Одной из особенностей работы с химически зависимыми пациентами является точный выбор психотерапевтом интенсивности стрессора в соответствии с теми возможностями к совладанию, которыми располагает пациент на данном этапе. Иначе говоря, очень важно, чтобы после каждого занятия пациент уходил от терапевта с состоянием, лучшим, сравнительно с начальным, чего добиться нелегко, ибо любая работа с симптомом во время сессии в той или иной мере провоцирует его обострение. Поэтому в качестве завершения сессии с химически зависимыми пациентами, особенно проходящими амбулаторное лечение, на наш взгляд, необходимо использовать любые психотерапевтические методы, снижающие уровень напряжения и тревоги. В первую очередь данное условие касается первых месяцев работы, когда стресс, вызванный отказом от психоактивного вещества, как правило, превышает копинг-возможности пациентов.
Вернемся к целям зависимого поведения - изменить состояние сознания, с тем, чтобы получить некие психические эффекты и избавиться от других. Длительный опыт работы с химически зависимыми пациентами позволяет мне сделать вывод, что система когнитивных искажений присутствует практически у всех этих пациентов, и именно вызванные ими оценочные когниции причиняют им душевную боль, с которой они “сражаются” при помощи психоактивных веществ. Поэтому работа с такого рода когнитивными искажениями - альфа и омега психотерапевтического процесса. Первое, на что уходит немало времени, это процесс кларификации, по А.Эллису, т.е. прояснения цепочек: событие - дескриптивная когниция - оценочная когниция - эмоция, а также на разрыв жесткой связи между фиксацией события и его оценкой и установление новых, более гибких эмоционально-когнитивных связей (Федоров, 1997).
Вот пример работы на шестой по счету сессии с пациентом-алкоголиком.
Алексей Игоревич, 42 года, инженер. Диагноз - алкоголизм 2 ст., стаж заболевания - около десяти лет, ремиссии по одному-два года. Стаж трезвости - два месяца. Пациент начал встречаться с женщиной, его волнует предстоящее свиданье у нее дома с перспективой вступления в интимные отношения: из-за алкоголизации и длительного перерыва в сексуальных отношениях боится, что испытает проблемы с потенцией.
- Я уже волнуюсь, когда говорю об этом. Совершенно понятно, что завтра у меня ничего не получится. Я уже не помню, когда спал с женщиной, и особенно, когда трезвым был.

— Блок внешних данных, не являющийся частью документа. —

text \<open>The optimal profile is feasible, so it realizes the optimal welfare, which is the
  sum of quantity times ratio of the truthful optimal requests.\<close>
lemma sw_O_profile:
  assumes "\<forall>i<n. valuation m (v i)" "is_opt_alloc n m v opt"
  shows "sw n m v (O_profile v opt) = (\<Sum>i<n. real (opt i) * ratio (O_profile v opt) i)"
  unfolding sw_def
proof (intro sum.cong refl)
  fix i assume "i \<in> {..<n}"
  moreover have "(\<Sum>j<n. fst (O_profile v opt j)) \<le> m"
    using assms(2) by (simp add: is_opt_alloc_def O_profile_def)
  ultimately have "HRG n m (O_profile v opt) i = opt i"
    using HRG_feasible_requests by (simp add: O_profile_def)
  then show "v i (HRG n m (O_profile v opt) i) = real (opt i) * ratio (O_profile v opt) i"
    using assms(1) \<open>i \<in> {..<n}\<close> by (simp add: ratio_def O_profile_def valuation_def)
qed

theorem mainTheorem1:
  fixes n m :: nat and v w :: valprofile and opt :: "nat \<Rightarrow> nat" and s :: profile
  assumes "\<forall>i<n. valuation m (v i)"
    and "\<forall>i<n. valuation m (w i)"
    and "is_opt_alloc n m v opt"
    and "valid_profile n m v s"
    and "valid_profile n m w s"
  shows "(\<Sum>i<n. v i (HRG n m (s(i := (opt i, v i (opt i)))) i))
           \<ge> sw n m v (O_profile v opt) - sw n m w s"
proof -
  define q where "q = O_profile v opt"
  define X' where "X' i = HRG n m (s(i := q i)) i" for i
  have fit: "(\<Sum>i<n. fst (q i)) \<le> m"
    using assms(3) by (simp add: is_opt_alloc_def q_def O_profile_def)
  then have q_valid: "valid_request m (v i) (q i)" if "i < n" for i
    using assms(1) that member_le_sum[of i "{..<n}" "\<lambda>i. fst (q i)"]
    by (auto simp: valid_request_def valuation_def q_def O_profile_def)
  have payoff: "(\<Sum>i<n. real (X' i) * ratio q i) \<le> (\<Sum>i<n. v i (X' i))"
    unfolding ratio_def X'_def using assms(1) q_valid
    by (intro sum_mono valid_request_ratio_bound[where m = m])
       (auto intro: HRG_deviation_le_request)
  have loss: "(\<Sum>i<n. (real (fst (q i)) - real (X' i)) * ratio q i)
                \<le> (\<Sum>j<n. real (HRG n m s j) * ratio s j)"
    using deviation_loss_bound[OF fit] q_valid assms(4)
    by (simp add: X'_def valid_request_def valid_profile_def)
  have "sw n m v q = (\<Sum>i<n. real (fst (q i)) * ratio q i)"
    using sw_O_profile[OF assms(1,3)] by (simp add: q_def O_profile_def)
  then show ?thesis
    using payoff loss sw_ge_reported[OF assms(2,5)]
    by (simp add: X'_def q_def O_profile_def left_diff_distrib sum_subtractf)
qed

end
lemmas dps_expansion_intros = dps_expansion_add dps_expansion_scale dps_expansion_monom

lemma dps_mult_00: "dps_mult c d 0 0 = c 0 0 * d 0 0"
  and dps_mult_10: "dps_mult c d 1 0 = c 0 0 * d 1 0 + c 1 0 * d 0 0"
  and dps_mult_01: "dps_mult c d 0 1 = c 0 0 * d 0 1 + c 0 1 * d 0 0"
  by (simp_all add: dps_mult_def)

fun dps_power :: "(nat \<Rightarrow> nat \<Rightarrow> complex) \<Rightarrow> nat \<Rightarrow> nat \<Rightarrow> nat \<Rightarrow> complex" where
  "dps_power p 0 = dps_monom 0 0"
| "dps_power p (Suc k) = dps_mult p (dps_power p k)"

lemma dps_power_pointwise:
  assumes p: "(\<lambda>q. norm (dps_term p x y q)) summable_on UNIV"
  shows "(\<lambda>q. norm (dps_term (dps_power p k) x y q)) summable_on UNIV
      \<and> dps (dps_power p k) x y = dps p x y ^ k
      \<and> dps_norm (dps_power p k) x y \<le> dps_norm p x y ^ k"
proof (induction k)
  case 0
  then show ?case using dps_monom_pointwise[of 0 0 x y] by simp
next
  case (Suc k)
  note mult = dps_mult_pointwise[OF p Suc[THEN conjunct1]]
  have "dps_norm (dps_mult p (dps_power p k)) x y \<le> dps_norm p x y * dps_norm (dps_power p k) x y"
    by (rule mult(3))
  also have "\<dots> \<le> dps_norm p x y * dps_norm p x y ^ k"
    using Suc dps_norm_nonneg by (intro mult_left_mono) auto
  finally show ?case using mult Suc by simp
qed

lemma dps_power_eq_0: "p 0 0 = 0 \<Longrightarrow> m + n < k \<Longrightarrow> dps_power p k m n = 0"
proof (induction k arbitrary: m n)
  case (Suc k)
  have "p i j * dps_power p k (m - i) (n - j) = 0" if "i \<le> m" "j \<le> n" for i j
    using Suc that by (cases "i = 0 \<and> j = 0") auto
  then show ?case by (auto simp: dps_mult_def intro!: sum.neutral)
qed simp

text \<open>Coefficients of \<open>\<Sum>k. a k * p\<^sup>k\<close>; truncating at \<open>k \<le> m + n\<close> is exact only when
  \<open>p 0 0 = 0\<close> (\<open>dps_power_eq_0\<close>).\<close>
definition dps_compose :: "(nat \<Rightarrow> complex) \<Rightarrow> (nat \<Rightarrow> nat \<Rightarrow> complex) \<Rightarrow> nat \<Rightarrow> nat \<Rightarrow> complex" where
  "dps_compose a p m n = (\<Sum>k\<le>m + n. a k * dps_power p k m n)"

lemma dps_compose_00: "dps_compose a p 0 0 = a 0"
  and dps_compose_10: "dps_compose a p 1 0 = a 1 * p 1 0"
  and dps_compose_01: "dps_compose a p 0 1 = a 1 * p 0 1"
  by (simp_all add: dps_compose_def dps_mult_def dps_monom_def)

Я в безвыходном положении, если я выпью, будет срыв, я себя знаю. Если не выпью, - катастрофа. Так я потом с горя напьюсь. Она замечательная женщина (рассказывает, о своей подруге).
- Давайте разберемся. Представьте себе наихудший вариант.
- Ну, пить я все-таки не буду, пойду трезвый. Буду оттягивать момент, ну, вы понимаете...
- Какой момент? И что значит оттягивать?
После попыток уйти от ответа:
- Будем до полуночи разговаривать, потом долго сидеть на диване, ну, там, ласки, разговоры. Ей надоест. Придется лечь в постель. Что вы не понимаете?!...
- И что?
- Это будет позор! Придется сбежать! Я больше никогда не смогу с ней встретиться.
Далее идут катастрофические прогнозы. В глазах уже слезы.
- Итак, вы говорите, что придете в гости, будете общаться женщиной, которая пригласила вас на свиданье, будете обмениваться ласками, и из-за того, что не состоится половой акт, разразится катастрофа; почему?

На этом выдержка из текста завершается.